Hi!

2016-09-26 23:25 GMT+02:00 Borden Rhodes <[email protected]>:

> As the subject says, on my Debian Stretch laptop, attempting to use
> the KDE print settings or KUser prompts me to login with the root
> account. This is a problem because I installed Debian with the root
> account locked out. I thought Polkit was supposed to have taken care
> of all of this. Perhaps I'm missing a package? I also reinstalled
> kdesudo to no joy.
>
> I'm sure other K settings apps are broken like this, too, but I
> haven't found them yet.
>
>
I was able to avoid the root password prompt from the KDE printer settings
module by just adding my user to the lpadmin group:

$ sudo adduser <user> lpadmin
(logout - login afterwards)

Other programs like KUser (KSystemLog is another one) seem a different
issue.
Apparently kuser, when launched from plasmashell, gains root privileges
through kdesu (not Polkit).

After you install kdesudo you *can* invoke it explicitly to start programs
with sudo, but applications configured to be executed as root in the kde
menu will still get root privileges through kdesu which requires the root
password.

If you want kdesudo to replace kdesu by default, you have to
'dpkg-reconfigure kdesudo' and select 'Yes' to divert kdesu:

# dpkg-reconfigure kdesudo
(select Yes, output:)
Adding 'diversion of /usr/lib/kde4/libexec/kdesu to
/usr/lib/kde4/libexec/kdesu.kde by kdesudo'
Adding 'diversion of /usr/share/man/man1/kdesu.1.gz to
/usr/share/man/man1/kdesu.kde.1.gz by kdesudo'

This used to work in kde4 (wheezy, jessie). It seems that those diversions
have no effect In kf5 because kdesu is loaded from a different location:

$ pgrep -ax kdesu
5676 /usr/lib/x86_64-linux-gnu/libexec/kf5/kdesu -u root -c /usr/bin/kuser
--icon kuser -caption KUser

So, in fact applications launched through the multiarch
/usr/lib/<arch>/libexec/kf5/kdesu will never use kdesudo even if the latter
is installed and configured to replace kdesu, this way you are always asked
to provide the root password, not the user one.

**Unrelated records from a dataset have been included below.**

(* If the bounded plane domain $D$ has rotational symmetry of order $N\ge3$ and $T$ is an invertible $2\times2$ real matrix, then \[ \frac{I(TD)}{A(TD)^2}=\frac{I(T^{-1}D)}{A(T^{-1}D)^2}, \] and the same identity holds with $T^{-\dagger}D$ (the image under the inverse transpose) in place of $T^{-1}D$.
   Context: Rotational symmetry of order $N$ means invariance under rotation by $2\pi/N$ about some point. $A$ is area; $I(\Omega)=\int_\Omega|x-\bar x|^2dx$ the moment of inertia about the centroid $\bar x$. *)

theory Defs
  imports "HOL-Analysis.Analysis"
begin

definition area :: "(real^2) set \<Rightarrow> real" where
  "area \<Omega> = measure lebesgue \<Omega>"

definition centroid :: "(real^2) set \<Rightarrow> real^2" where
  "centroid \<Omega> = (1 / area \<Omega>) *\<^sub>R integral \<Omega> (\<lambda>x. x)"

definition inertia :: "(real^2) set \<Rightarrow> real" where
  "inertia \<Omega> = integral \<Omega> (\<lambda>x. (norm (x - centroid \<Omega>))\<^sup>2)"

definition rot_mat :: "real \<Rightarrow> real^2^2" where
  "rot_mat t = vector [vector [cos t, - sin t], vector [sin t, cos t]]"

definition bounded_domain :: "(real^2) set \<Rightarrow> bool" where
  "bounded_domain D \<longleftrightarrow> D \<noteq> {} \<and> open D \<and> connected D \<and> bounded D"

definition rot_symmetric :: "nat \<Rightarrow> (real^2) set \<Rightarrow> bool" where
  "rot_symmetric N D \<longleftrightarrow>
     (\<exists>c. (\<lambda>x. c + rot_mat (2 * pi / real N) *v (x - c)) ` D = D)"

end

theory Submission
  imports Defs
begin
definition dtheta1 :: "fourier2 \<Rightarrow> real \<Rightarrow> real \<Rightarrow> complex" where
  "dtheta1 f x y = (\<Sum>\<^sub>\<infinity>m. (\<i> * of_int (fst m)) * f m *
       exp (\<i> * complex_of_real (real_of_int (fst m) * x + real_of_int (snd m) * y)))"

definition xihat :: "real \<Rightarrow> (nat \<Rightarrow> nat \<Rightarrow> real) \<Rightarrow> nat \<Rightarrow> nat \<Rightarrow> real" where
  "xihat pn \<xi> i j = \<xi> i j / pn - 1"

definition kern :: "(nat \<Rightarrow> fourier2) \<Rightarrow> (fourier2 \<Rightarrow> fourier2) \<Rightarrow> real \<Rightarrow> real \<Rightarrow> real \<Rightarrow> real \<Rightarrow> complex" where
  "kern \<Phi> F a b c d = (\<Sum>\<^sub>\<infinity>p\<in>{1..}. dtheta1 (F (\<Phi> p)) a b * cnj (dtheta1 (F (\<Phi> p)) c d))"

text \<open>Indices i, j, k range over {0..<n} (instead of {1..n}).\<close>
definition c_ij_ik :: "nat \<Rightarrow> real \<Rightarrow> (nat \<Rightarrow> nat \<Rightarrow> real) \<Rightarrow> (nat \<Rightarrow> fourier2) \<Rightarrow> (fourier2 \<Rightarrow> fourier2) \<Rightarrow> (nat \<Rightarrow> real) \<Rightarrow> complex" where
  "c_ij_ik n pn \<xi> \<Phi> F u = (1 / of_nat n ^ 3) *
     (\<Sum>i<n. \<Sum>j<n. \<Sum>k<n. complex_of_real (xihat pn \<xi> i j * xihat pn \<xi> i k) *
        kern \<Phi> F (u i) (u j) (u i) (u k))"

definition c_ik_jk :: "nat \<Rightarrow> real \<Rightarrow> (nat \<Rightarrow> nat \<Rightarrow> real) \<Rightarrow> (nat \<Rightarrow> fourier2) \<Rightarrow> (fourier2 \<Rightarrow> fourier2) \<Rightarrow> (nat \<Rightarrow> real) \<Rightarrow> complex" where
  "c_ik_jk n pn \<xi> \<Phi> F u = (1 / of_nat n ^ 3) *
     (\<Sum>i<n. \<Sum>j<n. \<Sum>k<n. complex_of_real (xihat pn \<xi> i k * xihat pn \<xi> j k) *
        kern \<Phi> F (u i) (u k) (u j) (u k))"

definition signs :: "nat \<Rightarrow> (nat \<Rightarrow> real) set" where
  "signs n = {r. \<forall>i. r i \<in> {-1, 1} \<and> (i \<ge> n \<longrightarrow> r i = 1)}"

definition S_ij_ik :: "nat \<Rightarrow> real \<Rightarrow> (nat \<Rightarrow> nat \<Rightarrow> real) \<Rightarrow> real" where
  "S_ij_ik n pn \<xi> = Sup {\<bar>(1 / real n ^ 3) *
      (\<Sum>i<n. \<Sum>j<n. \<Sum>k<n. xihat pn \<xi> i j * xihat pn \<xi> i k * r i * s j * t k)\<bar>
      | r s t. r \<in> signs n \<and> s \<in> signs n \<and> t \<in> signs n}"

definition S_ik_jk :: "nat \<Rightarrow> real \<Rightarrow> (nat \<Rightarrow> nat \<Rightarrow> real) \<Rightarrow> real" where
  "S_ik_jk n pn \<xi> = Sup {\<bar>(1 / real n ^ 3) *
      (\<Sum>i<n. \<Sum>j<n. \<Sum>k<n. xihat pn \<xi> i k * xihat pn \<xi> j k * r i * s j * t k)\<bar>
      | r s t. r \<in> signs n \<and> s \<in> signs n \<and> t \<in> signs n}"

end

theory Submission
  imports Defs
begin

text \<open>Write \<open>\<partial>\<^sub>1 F(\<phi>\<^sub>p)(x, y) = \<Sum>\<^sub>m \<beta>\<^sub>p(m) e(m\<^sub>1 x) e(m\<^sub>2 y)\<close> with \<open>e(t) = exp(i t)\<close> and
  \<open>\<beta>\<^sub>p(m) = i m\<^sub>1 F(\<phi>\<^sub>p)\<^sub>m\<close>.
  Then \<open>c\<^sub>n\<close> is a sum over \<open>p\<close>, \<open>m\<close>, \<open>m'\<close> of \<open>\<beta>\<^sub>p(m) conj \<beta>\<^sub>p(m')\<close> times a trilinear form in
  unimodular complex vectors whose coefficients are those defining \<open>S\<^sub>n\<close>. Splitting into real and
  imaginary parts and using that a real trilinear form is maximised on the cube at sign vectors,
  this form is at most \<open>8 n\<^sup>3 S\<^sub>n\<close>. It remains to bound \<open>\<Sum>\<^sub>p (\<Sum>\<^sub>m |\<beta>\<^sub>p(m)|)\<^sup>2\<close>: Cauchy--Schwarz with
  the weight \<open>w\<^sub>k(m)\<^sup>1\<^sup>/\<^sup>2\<close> and Bessel's inequality \<open>w\<^sub>k(m) \<Sum>\<^sub>p |F(\<phi>\<^sub>p)\<^sub>m|\<^sup>2 \<le> \<parallel>F\<parallel>\<^sup>2\<close> give the bound
  \<open>\<parallel>F\<parallel>\<^sup>2 D\<^sup>2\<close> with \<open>D = \<Sum>\<^sub>m |m\<^sub>1| w\<^sub>k(m)\<^sup>-\<^sup>1\<^sup>/\<^sup>2\<close>, which is finite because \<open>k > 3\<close>.\<close>

section \<open>Trilinear forms at sign vectors\<close>

definition sign_vector :: "nat \<Rightarrow> (nat \<Rightarrow> real) \<Rightarrow> nat \<Rightarrow> real" where
  "sign_vector n A i = (if i < n \<and> A i < 0 then -1 else 1)"

lemma sign_vector_in_signs: "sign_vector n A \<in> signs n"
  by (auto simp: signs_def sign_vector_def)

lemma one_in_signs: "(\<lambda>_. 1) \<in> signs n"
  by (simp add: signs_def)

lemma abs_le_one_if_signs: "r \<in> signs n \<Longrightarrow> \<bar>r i\<bar> \<le> 1"
  by (auto simp: signs_def) (metis abs_1 abs_minus_cancel order_refl)

lemma sum_mult_le_sign_vector:
  assumes "\<forall>i<n. \<bar>x i\<bar> \<le> 1"
  shows "(\<Sum>i<n. x i * A i) \<le> (\<Sum>i<n. sign_vector n A i * A i)"
proof (rule sum_mono)
  fix i assume "i \<in> {..<n}"
  with assms have "i < n" "-1 \<le> x i" "x i \<le> 1" by auto
  then show "x i * A i \<le> sign_vector n A i * A i"
    using mult_right_mono_neg[of "-1" "x i" "A i"] mult_right_mono[of "x i" 1 "A i"]
    by (cases "A i < 0") (auto simp: sign_vector_def)
qed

 As a workaround you can open kmenuedit, navigate to System->KUser (or any
other affected command), prepend 'kdesudo' to the command string and
uncheck 'run as a different user' in the Advanced tab.

Probably it's worth to file a bug against kdesudo even though the double
location of kdesu is also playing a role in this issue.